Your task
What lines in the material hold the string "boxdot"? Return every one of them.

-*-*-

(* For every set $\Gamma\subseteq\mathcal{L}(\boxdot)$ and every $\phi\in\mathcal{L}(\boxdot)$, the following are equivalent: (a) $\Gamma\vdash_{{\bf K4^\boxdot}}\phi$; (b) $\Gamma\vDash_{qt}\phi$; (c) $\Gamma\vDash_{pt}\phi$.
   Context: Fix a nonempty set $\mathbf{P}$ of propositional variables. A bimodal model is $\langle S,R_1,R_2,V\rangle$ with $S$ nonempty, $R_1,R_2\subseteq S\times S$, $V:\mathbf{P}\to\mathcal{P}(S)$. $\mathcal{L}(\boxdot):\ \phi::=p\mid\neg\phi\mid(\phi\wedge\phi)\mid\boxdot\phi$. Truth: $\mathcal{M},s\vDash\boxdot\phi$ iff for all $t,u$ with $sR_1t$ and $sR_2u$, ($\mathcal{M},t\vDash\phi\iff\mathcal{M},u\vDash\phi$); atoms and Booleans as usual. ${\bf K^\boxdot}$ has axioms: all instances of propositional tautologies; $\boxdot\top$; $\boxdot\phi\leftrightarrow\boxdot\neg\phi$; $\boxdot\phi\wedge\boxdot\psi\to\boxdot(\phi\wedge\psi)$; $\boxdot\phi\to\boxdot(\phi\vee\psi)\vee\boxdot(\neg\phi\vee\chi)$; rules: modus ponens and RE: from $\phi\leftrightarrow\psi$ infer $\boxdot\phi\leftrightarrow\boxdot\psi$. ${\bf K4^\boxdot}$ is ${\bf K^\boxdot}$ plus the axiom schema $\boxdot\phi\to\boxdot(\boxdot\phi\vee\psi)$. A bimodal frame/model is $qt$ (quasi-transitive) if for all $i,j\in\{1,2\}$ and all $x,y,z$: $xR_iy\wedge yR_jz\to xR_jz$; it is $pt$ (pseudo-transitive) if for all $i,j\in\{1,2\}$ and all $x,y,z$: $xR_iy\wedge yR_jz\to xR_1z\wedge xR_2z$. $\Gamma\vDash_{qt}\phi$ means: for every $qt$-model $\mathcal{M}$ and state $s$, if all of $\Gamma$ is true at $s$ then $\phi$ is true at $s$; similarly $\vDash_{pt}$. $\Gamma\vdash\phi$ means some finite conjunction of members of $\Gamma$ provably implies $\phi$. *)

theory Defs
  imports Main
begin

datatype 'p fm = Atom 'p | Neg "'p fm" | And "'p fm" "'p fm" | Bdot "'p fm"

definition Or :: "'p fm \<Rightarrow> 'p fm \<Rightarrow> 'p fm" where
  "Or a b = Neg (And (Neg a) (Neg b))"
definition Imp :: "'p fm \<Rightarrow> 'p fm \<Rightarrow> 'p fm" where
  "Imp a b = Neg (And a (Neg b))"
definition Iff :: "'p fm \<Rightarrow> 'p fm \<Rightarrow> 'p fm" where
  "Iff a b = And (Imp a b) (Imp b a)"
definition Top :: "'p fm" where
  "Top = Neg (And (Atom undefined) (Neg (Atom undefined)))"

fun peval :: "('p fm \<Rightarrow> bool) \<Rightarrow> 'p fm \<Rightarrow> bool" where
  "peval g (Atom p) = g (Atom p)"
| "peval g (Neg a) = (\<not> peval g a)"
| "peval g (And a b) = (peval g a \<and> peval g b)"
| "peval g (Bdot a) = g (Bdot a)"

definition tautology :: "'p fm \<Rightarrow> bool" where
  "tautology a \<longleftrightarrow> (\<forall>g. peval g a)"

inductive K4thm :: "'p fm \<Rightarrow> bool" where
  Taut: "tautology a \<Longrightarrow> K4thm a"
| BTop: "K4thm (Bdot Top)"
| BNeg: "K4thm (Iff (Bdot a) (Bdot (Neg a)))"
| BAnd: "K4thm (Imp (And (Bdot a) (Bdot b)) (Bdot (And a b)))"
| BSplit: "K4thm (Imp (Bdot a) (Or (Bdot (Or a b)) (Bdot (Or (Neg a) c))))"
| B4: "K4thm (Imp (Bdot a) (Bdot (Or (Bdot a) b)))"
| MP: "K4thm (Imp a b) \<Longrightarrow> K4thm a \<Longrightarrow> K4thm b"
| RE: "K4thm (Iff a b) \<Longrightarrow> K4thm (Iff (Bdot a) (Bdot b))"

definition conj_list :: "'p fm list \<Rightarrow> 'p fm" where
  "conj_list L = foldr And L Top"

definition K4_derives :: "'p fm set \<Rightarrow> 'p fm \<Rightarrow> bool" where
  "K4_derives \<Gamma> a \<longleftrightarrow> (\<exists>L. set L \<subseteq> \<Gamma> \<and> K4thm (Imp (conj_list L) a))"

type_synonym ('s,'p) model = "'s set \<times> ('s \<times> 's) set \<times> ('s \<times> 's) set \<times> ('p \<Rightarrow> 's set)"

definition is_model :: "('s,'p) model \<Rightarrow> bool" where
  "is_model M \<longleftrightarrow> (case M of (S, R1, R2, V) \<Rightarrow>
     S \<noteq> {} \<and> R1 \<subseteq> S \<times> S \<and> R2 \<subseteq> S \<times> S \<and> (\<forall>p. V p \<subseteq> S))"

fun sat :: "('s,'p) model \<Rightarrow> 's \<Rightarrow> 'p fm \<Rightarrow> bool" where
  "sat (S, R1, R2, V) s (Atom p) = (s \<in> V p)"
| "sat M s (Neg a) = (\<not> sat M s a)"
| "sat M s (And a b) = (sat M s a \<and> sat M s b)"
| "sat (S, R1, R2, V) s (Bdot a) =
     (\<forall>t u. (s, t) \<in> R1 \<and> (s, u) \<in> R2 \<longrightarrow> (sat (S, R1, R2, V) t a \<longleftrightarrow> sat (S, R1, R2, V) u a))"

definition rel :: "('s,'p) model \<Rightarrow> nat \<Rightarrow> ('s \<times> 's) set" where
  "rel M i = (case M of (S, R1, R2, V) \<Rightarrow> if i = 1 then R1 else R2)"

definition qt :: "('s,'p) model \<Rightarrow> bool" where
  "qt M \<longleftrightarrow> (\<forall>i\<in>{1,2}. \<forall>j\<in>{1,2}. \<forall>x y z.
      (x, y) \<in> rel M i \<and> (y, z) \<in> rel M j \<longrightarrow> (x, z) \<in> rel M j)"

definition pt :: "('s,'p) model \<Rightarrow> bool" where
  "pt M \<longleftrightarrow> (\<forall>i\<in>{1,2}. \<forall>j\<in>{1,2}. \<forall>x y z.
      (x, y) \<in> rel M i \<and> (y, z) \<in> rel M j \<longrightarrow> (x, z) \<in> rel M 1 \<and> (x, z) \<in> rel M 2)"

-*-*-

Solved problem
(* For every set $\Gamma\subseteq\mathcal{L}(\boxdot)$ and every $\phi\in\mathcal{L}(\boxdot)$, the following are equivalent: (a) $\Gamma\vdash_{{\bf K4^\boxdot}}\phi$; (b) $\Gamma\vDash_{qt}\phi$; (c) $\Gamma\vDash_{pt}\phi$.
   Context: Fix a nonempty set $\mathbf{P}$ of propositional variables. A bimodal model is $\langle S,R_1,R_2,V\rangle$ with $S$ nonempty, $R_1,R_2\subseteq S\times S$, $V:\mathbf{P}\to\mathcal{P}(S)$. $\mathcal{L}(\boxdot):\ \phi::=p\mid\neg\phi\mid(\phi\wedge\phi)\mid\boxdot\phi$. Truth: $\mathcal{M},s\vDash\boxdot\phi$ iff for all $t,u$ with $sR_1t$ and $sR_2u$, ($\mathcal{M},t\vDash\phi\iff\mathcal{M},u\vDash\phi$); atoms and Booleans as usual. ${\bf K^\boxdot}$ has axioms: all instances of propositional tautologies; $\boxdot\top$; $\boxdot\phi\leftrightarrow\boxdot\neg\phi$; $\boxdot\phi\wedge\boxdot\psi\to\boxdot(\phi\wedge\psi)$; $\boxdot\phi\to\boxdot(\phi\vee\psi)\vee\boxdot(\neg\phi\vee\chi)$; rules: modus ponens and RE: from $\phi\leftrightarrow\psi$ infer $\boxdot\phi\leftrightarrow\boxdot\psi$. ${\bf K4^\boxdot}$ is ${\bf K^\boxdot}$ plus the axiom schema $\boxdot\phi\to\boxdot(\boxdot\phi\vee\psi)$. A bimodal frame/model is $qt$ (quasi-transitive) if for all $i,j\in\{1,2\}$ and all $x,y,z$: $xR_iy\wedge yR_jz\to xR_jz$; it is $pt$ (pseudo-transitive) if for all $i,j\in\{1,2\}$ and all $x,y,z$: $xR_iy\wedge yR_jz\to xR_1z\wedge xR_2z$. $\Gamma\vDash_{qt}\phi$ means: for every $qt$-model $\mathcal{M}$ and state $s$, if all of $\Gamma$ is true at $s$ then $\phi$ is true at $s$; similarly $\vDash_{pt}$. $\Gamma\vdash\phi$ means some finite conjunction of members of $\Gamma$ provably implies $\phi$. *)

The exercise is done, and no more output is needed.